Extracted records
Segment Open

definition ising_weight :: "('a::{finite,linorder} \<Rightarrow> 'a \<Rightarrow> real) \<Rightarrow> ('a \<Rightarrow> real) \<Rightarrow> real" where
  "ising_weight J \<epsilon> = exp (\<Sum>(x,y)\<in>{(x,y). x < y}. J x y * \<epsilon> x * \<epsilon> y)"

definition ising_expect :: "('a::{finite,linorder} \<Rightarrow> 'a \<Rightarrow> real) \<Rightarrow> (('a \<Rightarrow> real) \<Rightarrow> real) \<Rightarrow> real" where
  "ising_expect J F = (\<Sum>\<epsilon>\<in>ising_configs. F \<epsilon> * ising_weight J \<epsilon>)
                      / (\<Sum>\<epsilon>\<in>ising_configs. ising_weight J \<epsilon>)"

end

(*
  Since mu is invariant under the spin flips sigma_x |-> eta_x sigma_x, every Gibbs expectation
  equals the expectation of the average over all 2^|Lambda| flips eta.  For a fixed configuration
  sigma, flipping by eta multiplies the product of the sigma_{x_i} . sigma_{y_i} by the Ising
  monomial eta_{x_1} eta_{y_1} ... eta_{x_n} eta_{y_n}, and multiplies exp (- H) by an Ising weight
  in eta whose couplings V^-_{xy}(sigma_x . sigma_y) are bounded in modulus by J_{xy}.  Ginibre's
  inequality for such Ising systems, obtained from Griffiths' first inequality by duplicating the
  spins, therefore bounds the flip average pointwise, which gives the first inequality.  The
  second one is Jensen's inequality, the third one holds because |sigma_x . sigma_y| <= 1.
*)
theory Submission
  imports Defs
begin

section \<open>Griffiths' and Ginibre's inequalities for Ising spins\<close>

definition spin_monomial :: "('a \<Rightarrow> nat) \<Rightarrow> ('a::finite \<Rightarrow> real) \<Rightarrow> real" where
  "spin_monomial m \<tau> = (\<Prod>x\<in>UNIV. \<tau> x ^ m x)"

lemma ising_config_cases: "\<tau> \<in> ising_configs \<Longrightarrow> \<tau> x = 1 \<or> \<tau> x = -1"
  unfolding ising_configs_def by auto

lemma ising_configs_eq_PiE: "ising_configs = PiE UNIV (\<lambda>_. {1, -1::real})"
  unfolding ising_configs_def by (auto simp: PiE_def extensional_def)

lemma ising_configs_finite: "finite (ising_configs :: ('a::finite \<Rightarrow> real) set)"
  unfolding ising_configs_eq_PiE by (simp add: finite_PiE)

lemma one_in_ising_configs: "(\<lambda>_. 1) \<in> ising_configs"
  unfolding ising_configs_def by auto

lemma ising_configs_mult:
  "\<tau> \<in> ising_configs \<Longrightarrow> \<xi> \<in> ising_configs \<Longrightarrow> (\<lambda>x. \<tau> x * \<xi> x) \<in> ising_configs"
  unfolding ising_configs_def by auto (metis mult_minus_left mult_1 mult_minus_right mult_1_right minus_minus)

lemma ising_configs_flip: "\<tau> \<in> ising_configs \<Longrightarrow> \<tau>(x := - \<tau> x) \<in> ising_configs"
  unfolding ising_configs_def by auto

lemma sum_ising_configs_reindex_mult:
  assumes "\<tau> \<in> ising_configs"
  shows "(\<Sum>\<eta>\<in>ising_configs. g \<eta>) = (\<Sum>\<xi>\<in>ising_configs. g (\<lambda>x. \<tau> x * \<xi> x))"
proof -
  have involution: "(\<lambda>x. \<tau> x * (\<tau> x * \<eta> x)) = \<eta>" for \<eta>
  proof
    show "\<tau> x * (\<tau> x * \<eta> x) = \<eta> x" for x
      using ising_config_cases[OF assms, of x] by auto
  qed
  show ?thesis
    by (rule sum.reindex_bij_witness[where i = "\<lambda>\<eta> x. \<tau> x * \<eta> x" and j = "\<lambda>\<eta> x. \<tau> x * \<eta> x"])
      (auto simp: involution ising_configs_mult[OF assms])
qed

lemma ising_weight_pos: "0 < ising_weight J \<tau>"
  unfolding ising_weight_def by simp
lemma Cauchy_if_dist_sq_le_add:
  fixes X :: "nat \<Rightarrow> 'a::metric_space"
  assumes e: "e \<longlonglongrightarrow> 0" and dist: "\<And>m n. (dist (X m) (X n))\<^sup>2 \<le> e m + e n"
  shows "Cauchy X"
proof (rule metric_CauchyI)
  fix r :: real assume "r > 0"
  then obtain N where N: "\<And>n. n \<ge> N \<Longrightarrow> \<bar>e n\<bar> < r\<^sup>2 / 2"
    using LIMSEQ_D[OF e, of "r\<^sup>2 / 2"] by auto
  have "dist (X m) (X n) < r" if "m \<ge> N" "n \<ge> N" for m n
  proof -
    have "(dist (X m) (X n))\<^sup>2 < r\<^sup>2"
      using dist[of m n] N[OF that(1)] N[OF that(2)] by linarith
    then show ?thesis using \<open>r > 0\<close> by (simp add: power_less_imp_less_base less_imp_le)
  qed
  then show "\<exists>N. \<forall>m\<ge>N. \<forall>n\<ge>N. dist (X m) (X n) < r" by blast
qed

section \<open>The Riesz representation theorem\<close>

lemma minimizer_represents_linear_functional:
  fixes f :: "'a::real_inner \<Rightarrow> real"
  assumes f: "linear f" and min: "\<And>x. (norm y)\<^sup>2 / 2 - f y \<le> (norm x)\<^sup>2 / 2 - f x"
  shows "f h = inner y h"
proof (cases "h = 0")
  case False
  define d where "d = inner y h - f h"
  define N where "N = (norm h)\<^sup>2"
  have "N > 0" using False by (simp add: N_def)
  have expand: "(norm (y + t *\<^sub>R h))\<^sup>2 / 2 - f (y + t *\<^sub>R h)
      = (norm y)\<^sup>2 / 2 - f y + t * d + t\<^sup>2 * N / 2" for t
    unfolding d_def N_def power2_norm_eq_inner
    by (simp add: linear_add[OF f] linear_scale[OF f] inner_simps inner_commute algebra_simps
        power2_eq_square)
  have "0 \<le> (- d / N) * d + (- d / N)\<^sup>2 * N / 2"
    using min[of "y + (- d / N) *\<^sub>R h"] unfolding expand by linarith
  also have "\<dots> = - d\<^sup>2 / (2 * N)"
    using \<open>N > 0\<close> by (simp add: field_simps power2_eq_square)
  finally have "d\<^sup>2 \<le> 0"
    using \<open>N > 0\<close> by (simp add: divide_le_0_iff)
  then have "d = 0" by simp
  then show ?thesis by (simp add: d_def)
qed (simp add: linear_0[OF f])

lemma linear_functional_minimizer_exists:
  fixes f :: "'a::{real_inner,complete_space} \<Rightarrow> real"
  assumes f: "bounded_linear f"
  shows "\<exists>y. \<forall>x. (norm y)\<^sup>2 / 2 - f y \<le> (norm x)\<^sup>2 / 2 - f x"
proof -
  interpret f: bounded_linear f by fact
  obtain K where K: "\<And>x. norm (f x) \<le> norm x * K" using f.bounded by blast
  define J where "J x = (norm x)\<^sup>2 / 2 - f x" for x
  have "- K\<^sup>2 / 2 \<le> J x" for x
  proof -
    have "f x \<le> norm x * K" using K[of x] by simp
    moreover have "0 \<le> (norm x - K)\<^sup>2" by simp
    ultimately show ?thesis unfolding J_def by (simp add: power2_eq_square algebra_simps)
  qed
  then have bdd: "bdd_below (range J)" by (meson bdd_belowI2)
  define m where "m = Inf (range J)"
  have m_le: "m \<le> J x" for x unfolding m_def using bdd by (simp add: cInf_lower)
  have "\<exists>x. J x < m + inverse (real (Suc n))" for n
  proof -
    have "Inf (range J) < m + inverse (real (Suc n))" by (simp add: m_def)
    then show ?thesis using bdd by (simp add: cInf_less_iff)
  qed
  then obtain X where X: "\<And>n. J (X n) < m + inverse (real (Suc n))" by metis
  define e where "e n = J (X n) - m" for n
  have e: "e \<longlonglongrightarrow> 0"
  proof (rule tendsto_sandwich[of "\<lambda>_. 0" _ _ "\<lambda>n. inverse (real (Suc n))"])
    show "\<forall>\<^sub>F n in sequentially. 0 \<le> e n" using m_le by (simp add: e_def)
    show "\<forall>\<^sub>F n in sequentially. e n \<le> inverse (real (Suc n))"
      using X by (simp add: e_def less_imp_le algebra_simps)
  qed (simp_all only: tendsto_const LIMSEQ_inverse_real_of_nat)
  \<comment> \<open>the parallelogram law, in terms of J\<close>
  have midpoint: "(norm (a - b))\<^sup>2 = 4 * J a + 4 * J b - 8 * J ((1/2) *\<^sub>R (a + b))" for a b
    unfolding J_def
    by (simp add: power2_norm_eq_inner inner_simps f.add f.scaleR f.diff inner_commute
        algebra_simps)
  have "(dist (X i) (X j))\<^sup>2 \<le> 4 * e i + 4 * e j" for i j
    using midpoint[of "X i" "X j"] m_le[of "(1/2) *\<^sub>R (X i + X j)"]
    by (simp add: e_def dist_norm algebra_simps)
  then have "Cauchy X" by (rule Cauchy_if_dist_sq_le_add[OF tendsto_mult_right_zero[OF e]])
  then obtain y where y: "X \<longlonglongrightarrow> y" using Cauchy_convergent_iff convergent_def by blast
  have "(\<lambda>n. J (X n)) \<longlonglongrightarrow> J y"
    unfolding J_def by (auto intro!: tendsto_intros f.tendsto y)
  moreover have "(\<lambda>n. J (X n)) \<longlonglongrightarrow> m"
    using tendsto_add[OF e tendsto_const[of m]] by (simp add: e_def)
  ultimately have "J y = m" using LIMSEQ_unique by blast
  then show ?thesis using m_le unfolding J_def by metis
qed

lemma riesz_representation_real:
  fixes f :: "'a::{real_inner,complete_space} \<Rightarrow> real"
  assumes "bounded_linear f"
  shows "\<exists>z. \<forall>x. f x = inner z x"
  using linear_functional_minimizer_exists[OF assms] minimizer_represents_linear_functional
    bounded_linear.linear[OF assms] by metis

section \<open>Bounded operators and adjoints\<close>

lemma bounded_clinear_imp_bounded_linear: "bounded_clinear T \<Longrightarrow> bounded_linear T"
  by (simp add: bounded_clinear_def)

lemma bounded_clinear_scaleC: "bounded_clinear T \<Longrightarrow> T (scaleC c x) = scaleC c (T x)"
  by (simp add: bounded_clinear_def)

lemma bounded_clinear_funpow: "bounded_clinear T \<Longrightarrow> bounded_clinear (T ^^ n)"
  by (induction n)
    (auto simp: bounded_clinear_def bounded_linear_ident comp_def intro: bounded_linear_compose)

lemma bounded_sesquilinear_form_representation:
  fixes B :: "'a::chilbert \<Rightarrow> 'a \<Rightarrow> complex"
  assumes add_left: "\<And>x1 x2 y. B (x1 + x2) y = B x1 y + B x2 y"
    and scaleC_left: "\<And>c x y. B (scaleC c x) y = c * B x y"
    and add_right: "\<And>x y1 y2. B x (y1 + y2) = B x y1 + B x y2"
    and scaleC_right: "\<And>c x y. B x (scaleC c y) = cnj c * B x y"
    and bound: "\<And>x y. cmod (B x y) \<le> K * norm x * norm y" and "0 \<le> K"
  shows "\<exists>A. bounded_clinear A \<and> (\<forall>x y. cinner (A x) y = B x y)"
proof -
  have "\<exists>z. \<forall>y. Re (B x y) = inner z y" for x
  proof (rule riesz_representation_real)
    show "bounded_linear (\<lambda>y. Re (B x y))"
    proof (rule bounded_linear_intro[where K = "K * norm x"])
      show "Re (B x (r *\<^sub>R y)) = r *\<^sub>R Re (B x y)" for r y
        using scaleC_right[where c = "complex_of_real r"] by (simp add: scaleC_of_real)
      show "norm (Re (B x y)) \<le> norm y * (K * norm x)" for y
        using abs_Re_le_cmod[of "B x y"] bound[of x y] by (simp add: algebra_simps)
    qed (simp add: add_right)
  qed
  then obtain A where A: "\<And>x y. Re (B x y) = inner (A x) y" by metis
  \<comment> \<open>the imaginary part of cinner (A x) y is the real part of cinner (A x) (scaleC \<i> y)\<close>
  have AB: "cinner (A x) y = B x y" for x y
  proof (rule complex_eqI)
    have "Im (cinner (A x) y) = Re (cinner (A x) (scaleC \<i> y))" by (simp add: cinner_scaleC_right)
    also have "\<dots> = Im (B x y)" by (simp add: A[symmetric] inner_cinner[symmetric] scaleC_right)
    finally show "Im (cinner (A x) y) = Im (B x y)" .
  qed (simp add: A inner_cinner)
  have add: "A (u + v) = A u + A v" for u v
    by (rule cinner_left_ext) (simp add: AB add_left cinner_add_left)
  have scale: "A (scaleC c u) = scaleC c (A u)" for c u
    by (rule cinner_left_ext) (simp add: AB scaleC_left cinner_scaleC_left)
  have "norm (A x) \<le> K * norm x" for x
    by (rule norm_le_if_cinner_le) (use bound \<open>0 \<le> K\<close> in \<open>simp_all add: AB mult.assoc\<close>)
  then have "bounded_linear A"
    using scale[where c = "complex_of_real r" for r]
    by (intro bounded_linear_intro[of _ K]) (simp_all add: add scaleC_of_real mult.commute)
  then show ?thesis using AB scale by (auto simp: bounded_clinear_def)
qed
(* For integers $k\ge2$, let $F_k$ be the non-abelian free group of rank $k$. Then the true prosoluble completions $P\mathcal{S}(F_k)$, $k\ge 2$, are pairwise non-isomorphic (as topological groups).
   Context: For a group $\Gamma$, the true prosoluble completion $P\mathcal{S}(\Gamma)$ is the completion of $\Gamma/\bigcap N$ for the topology whose basis of neighbourhoods of the identity consists of the images of the normal subgroups $N$ of $\Gamma$ with $\Gamma/N$ soluble; equivalently it is the inverse limit $\varprojlim\Gamma/N$ over such $N$, with the inverse limit topology. *)

theory Defs
  imports "HOL-Analysis.Analysis" "HOL-Algebra.Algebra"
begin

text \<open>Letters are pairs (i, b): generator x_i (b = True) or its inverse (b = False).\<close>

definition letter_inv :: "nat \<times> bool \<Rightarrow> nat \<times> bool" where
  "letter_inv x = (fst x, \<not> snd x)"

fun red_cons :: "nat \<times> bool \<Rightarrow> (nat \<times> bool) list \<Rightarrow> (nat \<times> bool) list" where
  "red_cons x [] = [x]"
| "red_cons x (y # ys) = (if y = letter_inv x then ys else x # y # ys)"

definition reduce :: "(nat \<times> bool) list \<Rightarrow> (nat \<times> bool) list" where
  "reduce xs = foldr red_cons xs []"

fun is_reduced :: "(nat \<times> bool) list \<Rightarrow> bool" where
  "is_reduced [] = True"
| "is_reduced [x] = True"
| "is_reduced (x # y # ys) = (y \<noteq> letter_inv x \<and> is_reduced (y # ys))"

definition free_group :: "nat \<Rightarrow> (nat \<times> bool) list monoid" where
  "free_group k = \<lparr> carrier = {w. fst ` set w \<subseteq> {..<k} \<and> is_reduced w},
                    mult = (\<lambda>u v. reduce (u @ v)),
                    one = [] \<rparr>"

definition sol_quot_index :: "('a, 'b) monoid_scheme \<Rightarrow> 'a set set" where
  "sol_quot_index \<Gamma> = {N. N \<lhd> \<Gamma> \<and> solvable (\<Gamma> Mod N)}"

Segment Closed

→ **Your task**: Search the entries for lines with the string "auto", then report their number alone.

→ **Answer section**: 11